» Exercise brief:
Print this span of the material below exactly: the line with "u0) u0) \<longlonglongrightarrow>", the line with "using pointwise_le_ctrl_dist[OF funpow_in_controls[OF", and every line between them, but nothing else.

» Provided data:

text \<open>The pointwise limit of the iterates is again measurable with values in the closed set
  \<open>U\<close>, hence a control.\<close>

lemma iterates_converge:
  assumes u0: "u0 \<in> controls T U"
  obtains uh where "uh \<in> controls T U"
    "\<And>i. ctrl_dist T NU ((MSA ^^ i) u0) uh \<le> L ^ i * (ctrl_dist T NU u0 (MSA u0) / (1 - L))"
proof -
  define us where "us i = (MSA ^^ i) u0" for i
  have us: "us i \<in> controls T U" for i unfolding us_def by (rule funpow_in_controls[OF u0])
  obtain uh where lim: "\<And>t. (\<lambda>i. us i t) \<longlonglongrightarrow> uh t"
    using iterates_pointwise_convergent[OF u0] unfolding us_def convergent_def by metis
  have "uh \<in> controls T U"
    unfolding controls_def
  proof (intro CollectI conjI ballI allI impI)
    show "uh \<in> borel_measurable lborel"
      by (rule borel_measurable_LIMSEQ_metric[where f=us]) (use us lim in \<open>auto simp: controls_def\<close>)
    show "uh t \<in> U" if "t \<in> {0..T}" for t
      by (rule closed_sequentially[OF compact_imp_closed[OF U_compact] _ lim]) (use us that control_in_U in auto)
    show "uh t = 0" if "t \<notin> {0..T}" for t
      using lim[of t] us that LIMSEQ_unique[OF _ tendsto_const] unfolding controls_def by auto
  qed
  moreover have "ctrl_dist T NU (us i) uh \<le> L ^ i * (ctrl_dist T NU u0 (MSA u0) / (1 - L))" for i
  proof (rule ctrl_dist_leI)
    fix t assume t: "t \<in> {0..T}"
    have "(\<lambda>j. NU (us j t - us i t)) \<longlonglongrightarrow> NU (uh t - us i t)"
      using is_norm_continuous_on[OF NU_norm, of UNIV] lim[of t]
      by (intro continuous_on_tendsto_compose[where f=NU and s=UNIV] tendsto_intros) auto
    then have "NU (uh t - us i t) \<le> L ^ i * (ctrl_dist T NU u0 (MSA u0) / (1 - L))"
      using iterates_pointwise_cauchy[OF u0 t] unfolding us_def by (intro Lim_bounded[where M=i]) auto
    then show "NU (us i t - uh t) \<le> L ^ i * (ctrl_dist T NU u0 (MSA u0) / (1 - L))"
      using is_norm_commute[OF NU_norm] by metis
  qed
  ultimately show ?thesis using that unfolding us_def by blast
qed

lemma fixed_point_exists:
  assumes u0: "u0 \<in> controls T U"
  obtains uh where "uh \<in> controls T U" "MSA uh = uh"
proof -
  define D where "D = ctrl_dist T NU u0 (MSA u0) / (1 - L)"
  obtain uh where uh: "uh \<in> controls T U" "\<And>i. ctrl_dist T NU ((MSA ^^ i) u0) uh \<le> L ^ i * D"
    using iterates_converge[OF u0] unfolding D_def by blast
  have "ctrl_dist T NU (MSA uh) uh \<le> 2 * D * L ^ Suc i" for i
  proof -
    have "ctrl_dist T NU (MSA uh) uh
        \<le> ctrl_dist T NU (MSA uh) (MSA ((MSA ^^ i) u0)) + ctrl_dist T NU ((MSA ^^ Suc i) u0) uh"
      using ctrl_dist_triangle[OF MSA_maps[OF uh(1)] funpow_in_controls[OF u0, of "Suc i"] uh(1)] by simp
    also have "ctrl_dist T NU (MSA uh) (MSA ((MSA ^^ i) u0)) \<le> L * ctrl_dist T NU uh ((MSA ^^ i) u0)"
      using contraction[OF uh(1) funpow_in_controls[OF u0]] .
    also have "\<dots> \<le> L * (L ^ i * D)"
      using uh(2)[of i] L ctrl_dist_commute by (intro mult_left_mono) auto
    also have "L * (L ^ i * D) = D * L ^ Suc i" by simp
    finally show ?thesis using uh(2)[of "Suc i"] by (simp add: mult.commute)
  qed
  moreover have "(\<lambda>i. 2 * D * L ^ Suc i) \<longlonglongrightarrow> 2 * D * 0"
    using L by (intro tendsto_intros LIMSEQ_power_zero[THEN LIMSEQ_Suc]) simp
  ultimately have "ctrl_dist T NU (MSA uh) uh \<le> 0"
    by (intro LIMSEQ_le_const[of "\<lambda>i. 2 * D * L ^ Suc i"]) auto
  then show ?thesis using that uh(1) ctrl_dist_le_0_imp_eq[OF MSA_maps[OF uh(1)] uh(1)] by blast
qed


lemma ex1_fixed_point:
  assumes "0 \<in> U"
  shows "\<exists>!uh. uh \<in> controls T U \<and> MSA uh = uh"
proof -
  have "(\<lambda>_. 0) \<in> controls T U" unfolding controls_def using assms by auto
  then obtain uh where uh: "uh \<in> controls T U" "MSA uh = uh" by (rule fixed_point_exists)
  show ?thesis
  proof (rule ex1I[of _ uh])
    fix w assume w: "w \<in> controls T U \<and> MSA w = w"
    then have "ctrl_dist T NU w uh \<le> L * ctrl_dist T NU w uh" using contraction[of w uh] uh by simp
    then have "ctrl_dist T NU w uh \<le> 0" using L by (simp add: mult_le_cancel_right1)
    then show "w = uh" using ctrl_dist_le_0_imp_eq w uh by blast
  qed (use uh in simp)
qed

lemma ctrl_dist_iterates_fixed_point_le:
  assumes uh: "uh \<in> controls T U" "MSA uh = uh" and u0: "u0 \<in> controls T U"
  shows "ctrl_dist T NU ((MSA ^^ i) u0) uh \<le> L ^ i / (1 - L) * ctrl_dist T NU (MSA u0) u0"
proof -
  have "(MSA ^^ i) uh = uh" by (induction i) (use uh in auto)
  then have "ctrl_dist T NU ((MSA ^^ i) u0) uh \<le> L ^ i * ctrl_dist T NU u0 uh"
    using ctrl_dist_funpow_le[OF u0 uh(1), of i] by simp
  also have "ctrl_dist T NU u0 uh \<le> ctrl_dist T NU (MSA u0) u0 / (1 - L)"
  proof -
    have "ctrl_dist T NU u0 uh \<le> ctrl_dist T NU u0 (MSA u0) + ctrl_dist T NU (MSA u0) uh"
      by (rule ctrl_dist_triangle[OF u0 MSA_maps[OF u0] uh(1)])
    also have "ctrl_dist T NU (MSA u0) uh \<le> L * ctrl_dist T NU u0 uh"
      using contraction[OF u0 uh(1)] uh(2) by simp
    finally have "(1 - L) * ctrl_dist T NU u0 uh \<le> ctrl_dist T NU (MSA u0) u0"
      using ctrl_dist_commute by (simp add: algebra_simps)
    then show ?thesis using L by (simp add: field_simps)
  qed
  finally show ?thesis using L by (simp add: mult_left_mono)
qed

lemma contraction_fixed_point:
  assumes "0 \<in> U"
  shows "(\<exists>!uh. uh \<in> controls T U \<and> MSA uh = uh)
       \<and> (\<forall>uh u0. uh \<in> controls T U \<and> MSA uh = uh \<and> u0 \<in> controls T U \<longrightarrow>
             ((\<lambda>i. ctrl_dist T NU ((MSA ^^ i) u0) uh) \<longlonglongrightarrow> 0)
           \<and> (\<forall>i t. t \<in> {0..T} \<longrightarrow>
                NU ((MSA ^^ i) u0 t - uh t) \<le> L ^ i / (1 - L) * ctrl_dist T NU (MSA u0) u0))"
proof (intro conjI allI impI ex1_fixed_point[OF assms])
  fix uh u0 assume "uh \<in> controls T U \<and> MSA uh = uh \<and> u0 \<in> controls T U"
  then have uh: "uh \<in> controls T U" "MSA uh = uh" and u0: "u0 \<in> controls T U" by auto
  note bound = ctrl_dist_iterates_fixed_point_le[OF uh u0]
  show "(\<lambda>i. ctrl_dist T NU ((MSA ^^ i) u0) uh) \<longlonglongrightarrow> 0"
  proof (rule Lim_null_comparison)
    show "\<forall>\<^sub>F i in sequentially. norm (ctrl_dist T NU ((MSA ^^ i) u0) uh) \<le> L ^ i / (1 - L) * ctrl_dist T NU (MSA u0) u0"
      using bound ctrl_dist_nonneg[OF funpow_in_controls[OF u0] uh(1)] by (intro always_eventually allI) simp
    show "(\<lambda>i. L ^ i / (1 - L) * ctrl_dist T NU (MSA u0) u0) \<longlonglongrightarrow> 0"
      using L by (intro tendsto_mult_left_zero tendsto_divide_zero LIMSEQ_power_zero) simp
  qed
  fix i t assume "t \<in> {0..T}"
  then show "NU ((MSA ^^ i) u0 t - uh t) \<le> L ^ i / (1 - L) * ctrl_dist T NU (MSA u0) u0"
    using pointwise_le_ctrl_dist[OF funpow_in_controls[OF u0] uh(1)] bound by (meson order_trans)
qed

end

locale msa_problem = control_space T U NU
  for T :: real and U :: "(real^'k) set" and NU :: "real^'k \<Rightarrow> real" +
  fixes c :: real
    and f :: "real \<Rightarrow> real^'n \<Rightarrow> real^'k \<Rightarrow> real^'n"
    and Dfx :: "real \<Rightarrow> real^'n \<Rightarrow> real^'k \<Rightarrow> real^'n^'n"
    and x0 :: "real^'n"
    and \<phi>x :: "real \<Rightarrow> real^'n \<Rightarrow> real^'k \<Rightarrow> real^'n"
    and \<psi>x :: "real^'n \<Rightarrow> real^'n"
    and xs lam :: "(real \<Rightarrow> real^'k) \<Rightarrow> real \<Rightarrow> real^'n"
    and h :: "real \<Rightarrow> real^'n \<Rightarrow> real^'n \<Rightarrow> real^'k"
    and MSA :: "(real \<Rightarrow> real^'k) \<Rightarrow> real \<Rightarrow> real^'k"
    and X \<Lambda> :: "(real^'n) set"
    and N :: "real^'n \<Rightarrow> real"
    and l_fu l_fxx l_fxu l_phixx l_phixu l_psixx l_hx l_hl :: real
  assumes f_dx: "\<And>t x v. t \<in> {0..T} \<Longrightarrow> v \<in> U \<Longrightarrow>
      ((\<lambda>y. f t y v) has_derivative (\<lambda>y. Dfx t x v *v y)) (at x)"
    and Dfx_cont: "\<And>t v. t \<in> {0..T} \<Longrightarrow> v \<in> U \<Longrightarrow> continuous_on UNIV (\<lambda>x. Dfx t x v)"
    and state: "\<And>u t. u \<in> controls T U \<Longrightarrow> t \<in> {0..T} \<Longrightarrow>
      ((\<lambda>s. f s (xs u s) (u s)) has_integral (xs u t - x0)) {0..t}"
    and costate: "\<And>u t. u \<in> controls T U \<Longrightarrow> t \<in> {0..T} \<Longrightarrow>
      ((\<lambda>s. transpose (Dfx s (xs u s) (u s)) *v lam u s + \<phi>x s (xs u s) (u s))
         has_integral (lam u t - \<psi>x (xs u T))) {t..T}"
    and xs_X: "\<And>u t. u \<in> controls T U \<Longrightarrow> t \<in> {0..T} \<Longrightarrow> xs u t \<in> X"
    and lam_Lam: "\<And>u t. u \<in> controls T U \<Longrightarrow> t \<in> {0..T} \<Longrightarrow> lam u t \<in> \<Lambda>"
    and N_norm: "is_norm N"
    and c_pos: "c > 0"
    and A1: "\<And>t v x. t \<in> {0..T} \<Longrightarrow> v \<in> U \<Longrightarrow> log_norm N (Dfx t x v) \<le> - c"
    and A2: "\<And>t x. t \<in> {0..T} \<Longrightarrow> lip_with NU N U (\<lambda>v. f t x v) l_fu"
    and A3x: "\<And>t v l. t \<in> {0..T} \<Longrightarrow> v \<in> U \<Longrightarrow> l \<in> \<Lambda> \<Longrightarrow>
      lip_with N (dual_norm N) UNIV (\<lambda>x. transpose (Dfx t x v) *v l) l_fxx"
    and A3u: "\<And>t x l. t \<in> {0..T} \<Longrightarrow> x \<in> X \<Longrightarrow> l \<in> \<Lambda> \<Longrightarrow>
      lip_with NU (dual_norm N) U (\<lambda>v. transpose (Dfx t x v) *v l) l_fxu"
    and A4x: "\<And>t v. t \<in> {0..T} \<Longrightarrow> v \<in> U \<Longrightarrow> lip_with N (dual_norm N) UNIV (\<lambda>x. \<phi>x t x v) l_phixx"
    and A4u: "\<And>t x. t \<in> {0..T} \<Longrightarrow> x \<in> X \<Longrightarrow> lip_with NU (dual_norm N) U (\<lambda>v. \<phi>x t x v) l_phixu"
    and A4psi: "lip_with N (dual_norm N) UNIV \<psi>x l_psixx"
    and A5x: "\<And>t l. t \<in> {0..T} \<Longrightarrow> l \<in> \<Lambda> \<Longrightarrow> lip_with N NU X (\<lambda>x. h t x l) l_hx"
    and A5l: "\<And>t x. t \<in> {0..T} \<Longrightarrow> x \<in> X \<Longrightarrow> lip_with (dual_norm N) NU \<Lambda> (\<lambda>l. h t x l) l_hl"
    and MSA_h: "\<And>u t. u \<in> controls T U \<Longrightarrow> t \<in> {0..T} \<Longrightarrow> MSA u t = h t (xs u t) (lam u t)"
    and consts_nonneg: "l_fu \<ge> 0" "l_fxx \<ge> 0" "l_fxu \<ge> 0" "l_phixx \<ge> 0" "l_phixu \<ge> 0"
      "l_psixx \<ge> 0" "l_hx \<ge> 0" "l_hl \<ge> 0"
begin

» Exercise response:
    show "(\<lambda>i. L ^ i / (1 - L) * ctrl_dist T NU (MSA u0) u0) \<longlonglongrightarrow> 0"
      using L by (intro tendsto_mult_left_zero tendsto_divide_zero LIMSEQ_power_zero) simp
  qed
  fix i t assume "t \<in> {0..T}"
  then show "NU ((MSA ^^ i) u0 t - uh t) \<le> L ^ i / (1 - L) * ctrl_dist T NU (MSA u0) u0"
    using pointwise_le_ctrl_dist[OF funpow_in_controls[OF u0] uh(1)] bound by (meson order_trans)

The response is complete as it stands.